I'm not entirely sure that this sends the right political message, in support of Rahm Emmanuel (which is what the timing of the endeavor was, an endorsement in election season) considering that Pullman was the rich guy trying to control his workers and keep them down.


----------



## John Bredin (Feb 24, 2015)

NorthShore said:


> I'm not entirely sure that this sends the right political message, in support of Rahm Emmanuel (which is what the timing of the endeavor was, an endorsement in election season) considering that Pullman was the rich guy trying to control his workers and keep them down.


The message depends on whether the focus is on Pullman the man/company or upon his workers. My impression is that the focus of the monument is mainly on the labor-history aspects, both the factory workers (regimented company town, strike of 1894) and the sleeping-car porters (organizing, and the oxymoron or dichotomy of a relatively well-paid and respected job that involved long hours as essentially a servant). I seriously doubt George Pullman is going to be the hero of the story this monument tells.


----------



## Steve4031 (Feb 24, 2015)

railiner said:


> Heard about this on a radio news broadcast. The reporter mistakenly credited George M. Pullman as founding the Brotherhood of Sleeping Car Porters.
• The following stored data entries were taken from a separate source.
(* Let $I\subseteq\mathbb{R}$ be an interval, let $h:J\to\mathbb{R}$ be a positive function on an interval $J\supseteq(0,1)$, let $f\in SX(h,I)$, let $a,b\in I$ with $a<b$, and let $f\in L_{1}[a,b]$. Then for every $\alpha>0$, $$\frac{1}{\alpha h\left(\frac{1}{2}\right)}f\left(\frac{a+b}{2}\right)\leq\frac{\Gamma(\alpha)}{(b-a)^{\alpha}}\left[J_{a^{+}}^{\alpha}f(b)+J_{b^{-}}^{\alpha}f(a)\right]\leq\left[f(a)+f(b)\right]\int_{0}^{1}t^{\alpha-1}\left[h(t)+h(1-t)\right]dt.$$
   Context: Given a positive function $h:J\to\mathbb{R}$, a function $f:I\to\mathbb{R}$ belongs to the class $SX(h,I)$ ($h$-convex functions) if $f$ is nonnegative and $f(\lambda x+(1-\lambda)y)\leq h(\lambda)f(x)+h(1-\lambda)f(y)$ for all $x,y\in I$ and $\lambda\in(0,1)$. For $f\in L_1[a,b]$ and $\alpha>0$, the Riemann–Liouville fractional integrals are $J_{a^{+}}^{\alpha}f(x)=\frac{1}{\Gamma(\alpha)}\int_a^x (x-t)^{\alpha-1}f(t)\,dt$ for $x>a$ and $J_{b^{-}}^{\alpha}f(x)=\frac{1}{\Gamma(\alpha)}\int_x^b (t-x)^{\alpha-1}f(t)\,dt$ for $x<b$, where $\Gamma(\alpha)=\int_0^\infty e^{-u}u^{\alpha-1}\,du$. *)

theory Defs
  imports "HOL-Analysis.Analysis"
begin

definition hconvex :: "(real \<Rightarrow> real) \<Rightarrow> real set \<Rightarrow> (real \<Rightarrow> real) \<Rightarrow> bool" where
  "hconvex h I f \<longleftrightarrow> (\<forall>x\<in>I. 0 \<le> f x) \<and>
     (\<forall>x\<in>I. \<forall>y\<in>I. \<forall>l\<in>{0<..<1}. f (l * x + (1 - l) * y) \<le> h l * f x + h (1 - l) * f y)"

text \<open>Riemann-Liouville fractional integrals, taken in the extended nonnegative reals
  (the functions they are applied to here are nonnegative, so this is the usual
  integral, with value infinity allowed when it diverges).\<close>
definition RL_left :: "real \<Rightarrow> real \<Rightarrow> (real \<Rightarrow> real) \<Rightarrow> real \<Rightarrow> ennreal" where
  "RL_left \<alpha> a f x = ennreal (1 / Gamma \<alpha>) *
     (\<integral>\<^sup>+ t\<in>{a<..<x}. ennreal ((x - t) powr (\<alpha> - 1) * f t) \<partial>lborel)"

definition RL_right :: "real \<Rightarrow> real \<Rightarrow> (real \<Rightarrow> real) \<Rightarrow> real \<Rightarrow> ennreal" where
  "RL_right \<alpha> b f x = ennreal (1 / Gamma \<alpha>) *
     (\<integral>\<^sup>+ t\<in>{x<..<b}. ennreal ((t - x) powr (\<alpha> - 1) * f t) \<partial>lborel)"

end

(* The substitutions t = b - (b - a) s and t = a + (b - a) s carry both Riemann-Liouville
   integrals onto (0,1) with the common weight s^(alpha-1), so that (Gamma alpha / (b-a)^alpha)
   [J_a+ f(b) + J_b- f(a)] becomes the integral of s^(alpha-1) [f(x_s) + f(y_s)] over (0,1),
   where x_s = s a + (1-s) b and y_s = s b + (1-s) a are symmetric about the midpoint.
   h-convexity at lambda = 1/2 gives f((a+b)/2) <= h(1/2) (f(x_s) + f(y_s)), and at lambda = s
   gives f(x_s) + f(y_s) <= (h(s) + h(1-s)) (f(a) + f(b)); integrating against s^(alpha-1),
   whose integral is 1/alpha, yields the two bounds. *)

theory Submission
  imports Defs
begin

text \<open>Unlike \<open>nn_integral_cmult\<close>, no measurability is needed: it is applied to the
  weight h, which is arbitrary.\<close>
lemma nn_integral_cmult_le:
  fixes r :: real
  assumes "0 \<le> r"
  shows "(\<integral>\<^sup>+x. ennreal r * g x \<partial>M) \<le> ennreal r * integral\<^sup>N M g"
proof (cases "r = 0")
  case False
  with assms have "0 < r" by simp
  then have inverse: "ennreal r * ennreal (1 / r) = 1"
    by (simp flip: ennreal_mult)
  show ?thesis
    unfolding nn_integral_def[of M "\<lambda>x. ennreal r * g x"]
  proof (rule SUP_least, clarify)
    fix \<phi> assume \<phi>: "simple_function M \<phi>" "\<phi> \<le> (\<lambda>x. ennreal r * g x)"
    define \<psi> where "\<psi> x = ennreal (1 / r) * \<phi> x" for x
    have \<psi>: "simple_function M \<psi>"
      unfolding \<psi>_def using \<phi>(1) by (intro simple_function_mult) auto
    have "\<psi> x \<le> g x" for x
    proof -
      have "\<psi> x \<le> ennreal (1 / r) * (ennreal r * g x)"
        unfolding \<psi>_def using \<phi>(2) by (intro mult_left_mono) (auto simp: le_fun_def)
      also have "\<dots> = g x"
        using inverse by (simp add: mult.assoc[symmetric] mult.commute)
      finally show ?thesis .
    qed
    then have "integral\<^sup>S M \<psi> \<le> integral\<^sup>N M g"
      unfolding nn_integral_def using \<psi> by (intro SUP_upper) (auto simp: le_fun_def)
    moreover have "\<phi> = (\<lambda>x. ennreal r * \<psi> x)"
      using inverse by (auto simp: \<psi>_def fun_eq_iff mult.assoc[symmetric])
    ultimately show "integral\<^sup>S M \<phi> \<le> ennreal r * integral\<^sup>N M g"
      using \<psi> by (simp add: mult_left_mono)
  qed
qed simp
Most of us know that it was A Philip Randolph, a Pullman Porter that founded it. (George must have turned over in his grave).....  [/quote
> A Philip have turned over twice by now.


----------



## NorthShore (Feb 25, 2015)

But Rahm really is considered a sort of Pullman in his own approach to politics.

The fact that he didn't carry one African American majority ward suggests that the president's efforts haven't helped.


----------